Eroded Beauty: a retrospective by tracey lind

EXTENDED through November 1, 2020 by appointment

Hear the WCPN story about Tracey’s work

Ingalls+Album+224.jpg

ARTIST’S STATEMENT:

Many years ago, I picked up a camera to look for God in an impoverished, old mill city where I was serving as an Episcopal priest. I discovered God in the stark beauty of industrial development and urban destruction. I encountered the creative Spirit in the elements of earth, wind, fire and water. I experienced the tension of the Divine in fences, walls, ropes and wires. I found the Holy One in the abstract and the concrete.

Through my camera lens, I developed a spiritual practice. The making of photographs has been, and continues to be, a form of prayer and meditation.

I have been making photographs since the nineties, but I stopped printing in 2006 - life got too busy. This past January, I decided to review over three decades of digital images. I was excited by what I found in my computer files. I was particularly intrigued by the beauty of eroding rust, concrete, fabric and wood. Then came COVID-19.

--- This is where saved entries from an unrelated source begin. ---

theorem eq_zero_if_bounded:
  assumes growth: "\<And>s. s \<ge> s0 \<Longrightarrow> integral {0..s} w \<le> C * s^2" and C: "C > 0"
    and bounded: "\<And>p. snd p \<ge> 0 \<Longrightarrow> \<bar>d p\<bar> \<le> B"
    and boundary: "\<And>\<theta>. d (\<theta>, 0) = 0"
    and p: "snd p \<ge> 0"
  shows "d p = 0"
proof -
  have flux_nonpos: "energy_flux s \<le> 0" if "s > 0" for s
    by (rule flux_nonpos_if_bounded[OF w_pos w_cont growth C energy_has_derivative energy_le[OF bounded]
          weighted_energy_flux_mono that]) auto
  have energy_zero: "energy s = 0" if "s \<ge> 0" for s
  proof -
    have "energy s \<le> energy 0"
    proof (rule DERIV_nonpos_imp_decreasing_open[OF that])
      show "continuous_on {0..s} energy"
        by (rule continuous_on_subset[OF energy_continuous]) auto
    qed (use energy_has_derivative flux_nonpos in force)
    moreover have "energy 0 = 0" unfolding energy_def by (simp add: boundary)
    ultimately show ?thesis using energy_nonneg[OF that] by simp
  qed
  have slice_zero: "d (\<theta>, snd p) = 0" if "\<theta> \<in> {0..2*pi}" for \<theta>
  proof -
    have cont: "continuous_on (cbox 0 (2*pi)) (\<lambda>\<theta>. (d (\<theta>, snd p))^2)"
      using p by (intro continuous_intros continuous_on_slice[OF d_cont]) auto
    have int0: "((\<lambda>\<theta>. (d (\<theta>, snd p))^2) has_integral 0) (cbox 0 (2*pi))"
      using integrable_integral[OF integrable_continuous[OF cont]] energy_zero[OF p]
      by (simp add: energy_def box_real)
    have "(d (\<theta>, snd p))^2 = 0"
      by (rule has_integral_0_cbox_imp_0[OF cont _ int0]) (use that in \<open>simp_all add: box_real not_le\<close>)
    then show ?thesis by simp
  qed
  have "(\<lambda>\<theta>. d (\<theta>, snd p)) (fst p) = 0"
    by (rule periodic_eq_zero_if_zero_on_period[where T="2*pi"]) (use periodic slice_zero pi_gt_zero in auto)
  then show ?thesis by simp
qed
(* Let $\mathcal H$, $\mathcal O$, $\mathcal U$, $e_a$, $X_{e_a}$, $Y_{e_a}$ be as in the context. Identify $\mathcal O^*$ with $\mathcal O$ via $\xi(a)=\operatorname{tr}(\widetilde\xi a)$, and for $1\le k\le n$ let $\mathcal D^k=\{\xi\in\mathcal O^*:\widetilde\xi\ge0,\ \operatorname{tr}\widetilde\xi=1,\ \operatorname{rank}\widetilde\xi=k\}$ (the density operators of rank $k$), which is a smooth embedded submanifold of $\mathcal O^*$ contained in $\mathcal U$. Then for every $a\in\mathcal O$ and every $k$, the vector fields $X_{e_a}$ and $Y_{e_a}$ are tangent to $\mathcal D^k$ at every point of $\mathcal D^k$. Explicitly, at $\rho\in\mathcal D^k$, the tangent vectors $X_{e_a}(\rho)$ and $Y_{e_a}(\rho)$ correspond to the Hermitian operators $\tfrac{i}{2}[a,\widetilde\rho]$ and $\tfrac12(a\widetilde\rho+\widetilde\rho a)-\operatorname{tr}(\widetilde\rho a)\widetilde\rho$ respectively.
   Context: $\mathcal H$ is a complex Hilbert space of dimension $n<\infty$; $\mathcal O$ the real vector space of Hermitian operators; $[[a,b]]=-\tfrac{i}{2}(ab-ba)$, $a\odot b=\tfrac12(ab+ba)$; $f_a(\xi)=\xi(a)$; $\mathcal U=\{\xi:\xi(\mathbb I)\neq0\}$; $e_a=f_a/f_{\mathbb I}$ on $\mathcal U$. $\Lambda_{\mathcal D},\mathcal R_{\mathcal D}$ are the contravariant 2-tensors on $\mathcal U$ with $\Lambda_{\mathcal D}(de_a,de_b)=e_{[[a,b]]}$, $\mathcal R_{\mathcal D}(de_a,de_b)=e_{a\odot b}-e_ae_b$, and all pairings of $df_{\mathbb I}$ with $de_a$ or $df_{\mathbb I}$ equal to $0$; $X_f(g)=\Lambda_{\mathcal D}(df,dg)$, $Y_f(g)=\mathcal R_{\mathcal D}(df,dg)$. *)

theory Defs
  imports "HOL-Analysis.Analysis"
begin

text \<open>H = complex n-space with n = CARD('n). Operators are complex n x n matrices.
  Elements xi of O* are identified with Hermitian matrices via xi(a) = tr(xi a).\<close>

type_synonym 'n cmat = "complex^'n^'n"

definition adj :: "('n::finite) cmat \<Rightarrow> ('n::finite) cmat" where
  "adj A = (\<chi> i j. cnj (A $ j $ i))"

definition hermitian :: "('n::finite) cmat \<Rightarrow> bool" where
  "hermitian A \<longleftrightarrow> adj A = A"
text \<open>A pseudo effect algebra on the whole type 'a: partial addition p
  (None = undefined), zero z, unit u.\<close>

definition pea :: "('a \<Rightarrow> 'a \<Rightarrow> 'a option) \<Rightarrow> 'a \<Rightarrow> 'a \<Rightarrow> bool" where
  "pea p z u \<longleftrightarrow>
     (\<forall>a b c. Option.bind (p a b) (\<lambda>x. p x c) = Option.bind (p b c) (\<lambda>y. p a y)) \<and>
     (\<forall>a. (\<exists>!d. p a d = Some u) \<and> (\<exists>!e. p e a = Some u)) \<and>
     (\<forall>a b s. p a b = Some s \<longrightarrow> (\<exists>d e. p d a = Some s \<and> p b e = Some s)) \<and>
     (\<forall>a. (p u a \<noteq> None \<or> p a u \<noteq> None) \<longrightarrow> a = z)"

definition pea_le :: "('a \<Rightarrow> 'a \<Rightarrow> 'a option) \<Rightarrow> 'a \<Rightarrow> 'a \<Rightarrow> bool" where
  "pea_le p a b \<longleftrightarrow> (\<exists>c. p a c = Some b)"

definition RDP :: "('a \<Rightarrow> 'a \<Rightarrow> 'a option) \<Rightarrow> bool" where
  "RDP p \<longleftrightarrow> (\<forall>a1 a2 b1 b2 s. p a1 a2 = Some s \<and> p b1 b2 = Some s \<longrightarrow>
     (\<exists>d1 d2 d3 d4. p d1 d2 = Some a1 \<and> p d3 d4 = Some a2 \<and>
                    p d1 d3 = Some b1 \<and> p d2 d4 = Some b2))"

definition is_measure :: "('a \<Rightarrow> 'a \<Rightarrow> 'a option) \<Rightarrow> ('a \<Rightarrow> real) \<Rightarrow> bool" where
  "is_measure p m \<longleftrightarrow> (\<forall>a. 0 \<le> m a) \<and> (\<forall>a b c. p a b = Some c \<longrightarrow> m c = m a + m b)"

definition pea_is_sup :: "('a \<Rightarrow> 'a \<Rightarrow> 'a option) \<Rightarrow> (nat \<Rightarrow> 'a) \<Rightarrow> 'a \<Rightarrow> bool" where
  "pea_is_sup p f a \<longleftrightarrow> (\<forall>n. pea_le p (f n) a) \<and>
     (\<forall>b. (\<forall>n. pea_le p (f n) b) \<longrightarrow> pea_le p a b)"

definition sigma_additive :: "('a \<Rightarrow> 'a \<Rightarrow> 'a option) \<Rightarrow> ('a \<Rightarrow> real) \<Rightarrow> bool" where
  "sigma_additive p m \<longleftrightarrow> (\<forall>f a. (\<forall>n. pea_le p (f n) (f (Suc n))) \<and> pea_is_sup p f a
       \<longrightarrow> (\<lambda>n. m (f n)) \<longlonglongrightarrow> m a)"

definition J :: "('a \<Rightarrow> 'a \<Rightarrow> 'a option) \<Rightarrow> ('a \<Rightarrow> real) set" where
  "J p = {m. \<exists>\<mu> \<nu>. is_measure p \<mu> \<and> is_measure p \<nu> \<and> m = (\<lambda>x. \<mu> x - \<nu> x)}"

definition J_le :: "('a \<Rightarrow> 'a \<Rightarrow> 'a option) \<Rightarrow> ('a \<Rightarrow> real) \<Rightarrow> ('a \<Rightarrow> real) \<Rightarrow> bool" where
  "J_le p m1 m2 \<longleftrightarrow> is_measure p (\<lambda>x. m2 x - m1 x)"

definition J_sup :: "('a \<Rightarrow> 'a \<Rightarrow> 'a option) \<Rightarrow> ('a \<Rightarrow> real) \<Rightarrow> ('a \<Rightarrow> real) \<Rightarrow> ('a \<Rightarrow> real)" where
  "J_sup p m1 m2 = (THE m. m \<in> J p \<and> J_le p m1 m \<and> J_le p m2 m \<and>
      (\<forall>k\<in>J p. J_le p m1 k \<and> J_le p m2 k \<longrightarrow> J_le p m k))"

definition J_inf :: "('a \<Rightarrow> 'a \<Rightarrow> 'a option) \<Rightarrow> ('a \<Rightarrow> real) \<Rightarrow> ('a \<Rightarrow> real) \<Rightarrow> ('a \<Rightarrow> real)" where
  "J_inf p m1 m2 = (THE m. m \<in> J p \<and> J_le p m m1 \<and> J_le p m m2 \<and>
      (\<forall>k\<in>J p. J_le p k m1 \<and> J_le p k m2 \<longrightarrow> J_le p k m))"

end

theory Submission
  imports Defs
begin

text \<open>
  Their supremum in the lattice-ordered group J(E) is given by the
  Riesz--Kantorovich formula
     (m1 \<or> m2)(a) = sup {m1 a1 + m2 a2 | a1 + a2 = a},
  and their infimum is m1 + m2 - (m1 \<or> m2).  The proof has three parts.
  (1) Order-theoretic facts about J(E) that hold for any partial operation: the
      order is antisymmetric, so J_sup / J_inf are determined by the least upper /
      greatest lower bound property; and a measure dominated (in J(E)) by a
      sigma-additive function is itself sigma-additive, since
      0 \<le> s a - s a_n \<le> m a - m a_n along an increasing sequence a_n with supremum a.
  (2) In a pseudo effect algebra, the Riesz--Kantorovich function is
      superadditive (by reshuffling decompositions) and, under (RDP), subadditive;
      hence it is a measure, it is the supremum in J(E), and m1 + m2 minus it is
      the infimum.
  (3) The join is dominated by m1 + m2 and the meet by m1, so both inherit
      sigma-additivity from m1 and m2 by part (1).
\<close>

lemma cSup_add_le:
  fixes A B :: "real set"
  assumes A: "A \<noteq> {}" and B: "B \<noteq> {}" and le: "\<And>x y. x \<in> A \<Longrightarrow> y \<in> B \<Longrightarrow> x + y \<le> c"
  shows "Sup A + Sup B \<le> c"
proof -
  have bound_B: "Sup B \<le> c - x" if "x \<in> A" for x
  proof (rule cSup_least[OF B])
    show "y \<le> c - x" if "y \<in> B" for y
      using le[OF \<open>x \<in> A\<close> that] by linarith
  qed
  have "Sup A \<le> c - Sup B"
  proof (rule cSup_least[OF A])
    show "x \<le> c - Sup B" if "x \<in> A" for x
      using bound_B[OF that] by linarith
  qed
  then show ?thesis by simp
qed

Like many of you, I have been viewing the world through the lens of the pandemic. I have also been considering these days as a theologian, searching for the spiritual meaning of this virus. As an individual living with FTD - a form of early onset dementia - I’ve been experiencing this crisis through the eroding frontal and temporal lobes of my brain. In short, I have been thinking about the COVID-19 pandemic through the lens of erosion - the destruction of the familiar and the secure, and the birthing and creation of some yet unknown.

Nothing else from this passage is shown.